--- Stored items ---
•••••

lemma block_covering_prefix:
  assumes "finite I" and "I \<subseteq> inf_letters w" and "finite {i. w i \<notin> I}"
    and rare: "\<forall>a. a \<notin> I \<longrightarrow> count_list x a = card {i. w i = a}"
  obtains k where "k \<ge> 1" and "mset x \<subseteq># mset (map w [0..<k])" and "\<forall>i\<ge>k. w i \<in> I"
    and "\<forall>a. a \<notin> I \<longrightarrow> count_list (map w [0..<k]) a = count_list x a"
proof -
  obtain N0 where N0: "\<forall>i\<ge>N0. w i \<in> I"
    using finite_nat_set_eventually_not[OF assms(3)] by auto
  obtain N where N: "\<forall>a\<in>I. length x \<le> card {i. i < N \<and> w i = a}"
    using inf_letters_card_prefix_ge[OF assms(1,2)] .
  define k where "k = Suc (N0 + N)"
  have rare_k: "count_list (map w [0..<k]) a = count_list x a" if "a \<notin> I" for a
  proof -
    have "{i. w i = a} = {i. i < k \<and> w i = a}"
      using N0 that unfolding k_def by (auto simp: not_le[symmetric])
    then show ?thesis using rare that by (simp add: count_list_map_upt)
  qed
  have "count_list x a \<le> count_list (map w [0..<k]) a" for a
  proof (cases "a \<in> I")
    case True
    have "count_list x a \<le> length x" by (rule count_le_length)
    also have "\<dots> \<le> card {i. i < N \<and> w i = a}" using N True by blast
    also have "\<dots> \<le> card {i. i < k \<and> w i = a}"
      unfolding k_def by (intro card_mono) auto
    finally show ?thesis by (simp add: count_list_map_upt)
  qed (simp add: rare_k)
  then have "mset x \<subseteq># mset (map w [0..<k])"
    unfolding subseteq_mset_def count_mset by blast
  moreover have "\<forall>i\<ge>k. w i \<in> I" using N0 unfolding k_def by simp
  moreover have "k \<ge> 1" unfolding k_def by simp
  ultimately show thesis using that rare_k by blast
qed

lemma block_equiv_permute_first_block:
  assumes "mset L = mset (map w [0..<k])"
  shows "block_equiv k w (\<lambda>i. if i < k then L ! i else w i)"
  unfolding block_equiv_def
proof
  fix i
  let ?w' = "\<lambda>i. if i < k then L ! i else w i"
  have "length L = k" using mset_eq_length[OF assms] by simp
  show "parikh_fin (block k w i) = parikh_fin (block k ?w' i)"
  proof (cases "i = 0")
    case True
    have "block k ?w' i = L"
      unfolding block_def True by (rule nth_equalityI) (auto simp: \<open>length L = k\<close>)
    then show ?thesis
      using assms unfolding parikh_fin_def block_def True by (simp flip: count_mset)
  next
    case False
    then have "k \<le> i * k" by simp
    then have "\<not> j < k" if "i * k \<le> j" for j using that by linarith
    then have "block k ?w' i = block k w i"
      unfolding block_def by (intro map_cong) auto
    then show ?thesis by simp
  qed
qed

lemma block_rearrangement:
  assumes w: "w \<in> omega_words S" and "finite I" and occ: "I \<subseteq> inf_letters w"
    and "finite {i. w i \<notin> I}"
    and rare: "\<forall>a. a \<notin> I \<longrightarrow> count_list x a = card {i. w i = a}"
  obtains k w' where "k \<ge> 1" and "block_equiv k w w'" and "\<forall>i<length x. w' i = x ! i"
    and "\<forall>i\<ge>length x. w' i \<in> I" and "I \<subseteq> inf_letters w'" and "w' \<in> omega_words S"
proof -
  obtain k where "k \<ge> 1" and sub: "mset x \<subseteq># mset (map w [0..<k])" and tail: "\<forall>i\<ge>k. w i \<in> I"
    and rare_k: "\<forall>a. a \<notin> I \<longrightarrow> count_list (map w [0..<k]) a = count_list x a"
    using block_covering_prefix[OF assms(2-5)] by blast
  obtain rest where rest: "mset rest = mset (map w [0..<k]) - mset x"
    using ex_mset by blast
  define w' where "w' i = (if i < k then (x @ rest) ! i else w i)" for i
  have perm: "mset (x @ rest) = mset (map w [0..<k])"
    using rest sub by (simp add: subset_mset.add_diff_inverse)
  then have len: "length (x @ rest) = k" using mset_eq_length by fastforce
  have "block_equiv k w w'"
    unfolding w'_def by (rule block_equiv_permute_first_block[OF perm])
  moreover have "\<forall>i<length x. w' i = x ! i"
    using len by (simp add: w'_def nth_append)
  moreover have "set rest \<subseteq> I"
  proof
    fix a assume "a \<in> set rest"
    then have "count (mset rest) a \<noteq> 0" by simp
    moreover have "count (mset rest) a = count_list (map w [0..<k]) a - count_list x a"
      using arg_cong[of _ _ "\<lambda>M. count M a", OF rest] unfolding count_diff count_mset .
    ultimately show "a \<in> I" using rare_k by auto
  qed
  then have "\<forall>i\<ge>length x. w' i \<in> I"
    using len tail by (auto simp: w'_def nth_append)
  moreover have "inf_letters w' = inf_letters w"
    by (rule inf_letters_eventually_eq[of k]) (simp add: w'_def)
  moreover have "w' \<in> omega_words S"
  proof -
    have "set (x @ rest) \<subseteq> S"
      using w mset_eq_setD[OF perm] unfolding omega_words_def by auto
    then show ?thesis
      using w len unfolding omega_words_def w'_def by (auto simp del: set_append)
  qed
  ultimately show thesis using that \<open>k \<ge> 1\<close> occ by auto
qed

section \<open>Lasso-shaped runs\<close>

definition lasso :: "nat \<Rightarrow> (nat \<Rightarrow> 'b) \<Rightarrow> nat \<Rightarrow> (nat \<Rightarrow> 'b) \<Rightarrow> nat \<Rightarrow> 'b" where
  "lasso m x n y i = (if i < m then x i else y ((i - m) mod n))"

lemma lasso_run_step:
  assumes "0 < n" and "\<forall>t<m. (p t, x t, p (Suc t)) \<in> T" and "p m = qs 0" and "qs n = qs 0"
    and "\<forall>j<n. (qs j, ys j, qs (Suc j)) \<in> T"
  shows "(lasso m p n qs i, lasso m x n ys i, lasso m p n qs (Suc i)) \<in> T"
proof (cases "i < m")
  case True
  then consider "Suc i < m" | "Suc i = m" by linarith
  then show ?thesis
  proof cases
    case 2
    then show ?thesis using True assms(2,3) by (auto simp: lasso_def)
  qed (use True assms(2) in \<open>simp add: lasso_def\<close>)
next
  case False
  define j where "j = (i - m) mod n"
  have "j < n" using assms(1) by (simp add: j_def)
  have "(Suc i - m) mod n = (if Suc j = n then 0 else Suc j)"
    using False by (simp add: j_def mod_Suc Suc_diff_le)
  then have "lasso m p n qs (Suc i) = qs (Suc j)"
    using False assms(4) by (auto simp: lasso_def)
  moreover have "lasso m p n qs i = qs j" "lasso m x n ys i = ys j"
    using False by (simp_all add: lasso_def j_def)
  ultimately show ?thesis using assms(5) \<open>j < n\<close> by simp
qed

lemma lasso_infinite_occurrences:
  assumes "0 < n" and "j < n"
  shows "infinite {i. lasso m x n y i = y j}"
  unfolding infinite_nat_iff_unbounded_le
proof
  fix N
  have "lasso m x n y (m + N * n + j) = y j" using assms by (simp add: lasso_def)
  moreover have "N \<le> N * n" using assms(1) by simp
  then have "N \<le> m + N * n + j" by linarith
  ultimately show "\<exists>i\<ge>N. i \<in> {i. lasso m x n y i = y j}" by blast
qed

•••••

--- Work order ---
Given the records above, return exactly the lines starting at the line containing "a - count_list" and ending at the line containing "using False assms(4)", including both.

--- Your solution ---
    moreover have "count (mset rest) a = count_list (map w [0..<k]) a - count_list x a"
      using arg_cong[of _ _ "\<lambda>M. count M a", OF rest] unfolding count_diff count_mset .
    ultimately show "a \<in> I" using rare_k by auto
  qed
  then have "\<forall>i\<ge>length x. w' i \<in> I"
    using len tail by (auto simp: w'_def nth_append)
  moreover have "inf_letters w' = inf_letters w"
    by (rule inf_letters_eventually_eq[of k]) (simp add: w'_def)
  moreover have "w' \<in> omega_words S"
  proof -
    have "set (x @ rest) \<subseteq> S"
      using w mset_eq_setD[OF perm] unfolding omega_words_def by auto
    then show ?thesis
      using w len unfolding omega_words_def w'_def by (auto simp del: set_append)
  qed
  ultimately show thesis using that \<open>k \<ge> 1\<close> occ by auto
qed

section \<open>Lasso-shaped runs\<close>

definition lasso :: "nat \<Rightarrow> (nat \<Rightarrow> 'b) \<Rightarrow> nat \<Rightarrow> (nat \<Rightarrow> 'b) \<Rightarrow> nat \<Rightarrow> 'b" where
  "lasso m x n y i = (if i < m then x i else y ((i - m) mod n))"

lemma lasso_run_step:
  assumes "0 < n" and "\<forall>t<m. (p t, x t, p (Suc t)) \<in> T" and "p m = qs 0" and "qs n = qs 0"
    and "\<forall>j<n. (qs j, ys j, qs (Suc j)) \<in> T"
  shows "(lasso m p n qs i, lasso m x n ys i, lasso m p n qs (Suc i)) \<in> T"
proof (cases "i < m")
  case True
  then consider "Suc i < m" | "Suc i = m" by linarith
  then show ?thesis
  proof cases
    case 2
    then show ?thesis using True assms(2,3) by (auto simp: lasso_def)
  qed (use True assms(2) in \<open>simp add: lasso_def\<close>)
next
  case False
  define j where "j = (i - m) mod n"
  have "j < n" using assms(1) by (simp add: j_def)
  have "(Suc i - m) mod n = (if Suc j = n then 0 else Suc j)"
    using False by (simp add: j_def mod_Suc Suc_diff_le)
  then have "lasso m p n qs (Suc i) = qs (Suc j)"
    using False assms(4) by (auto simp: lasso_def)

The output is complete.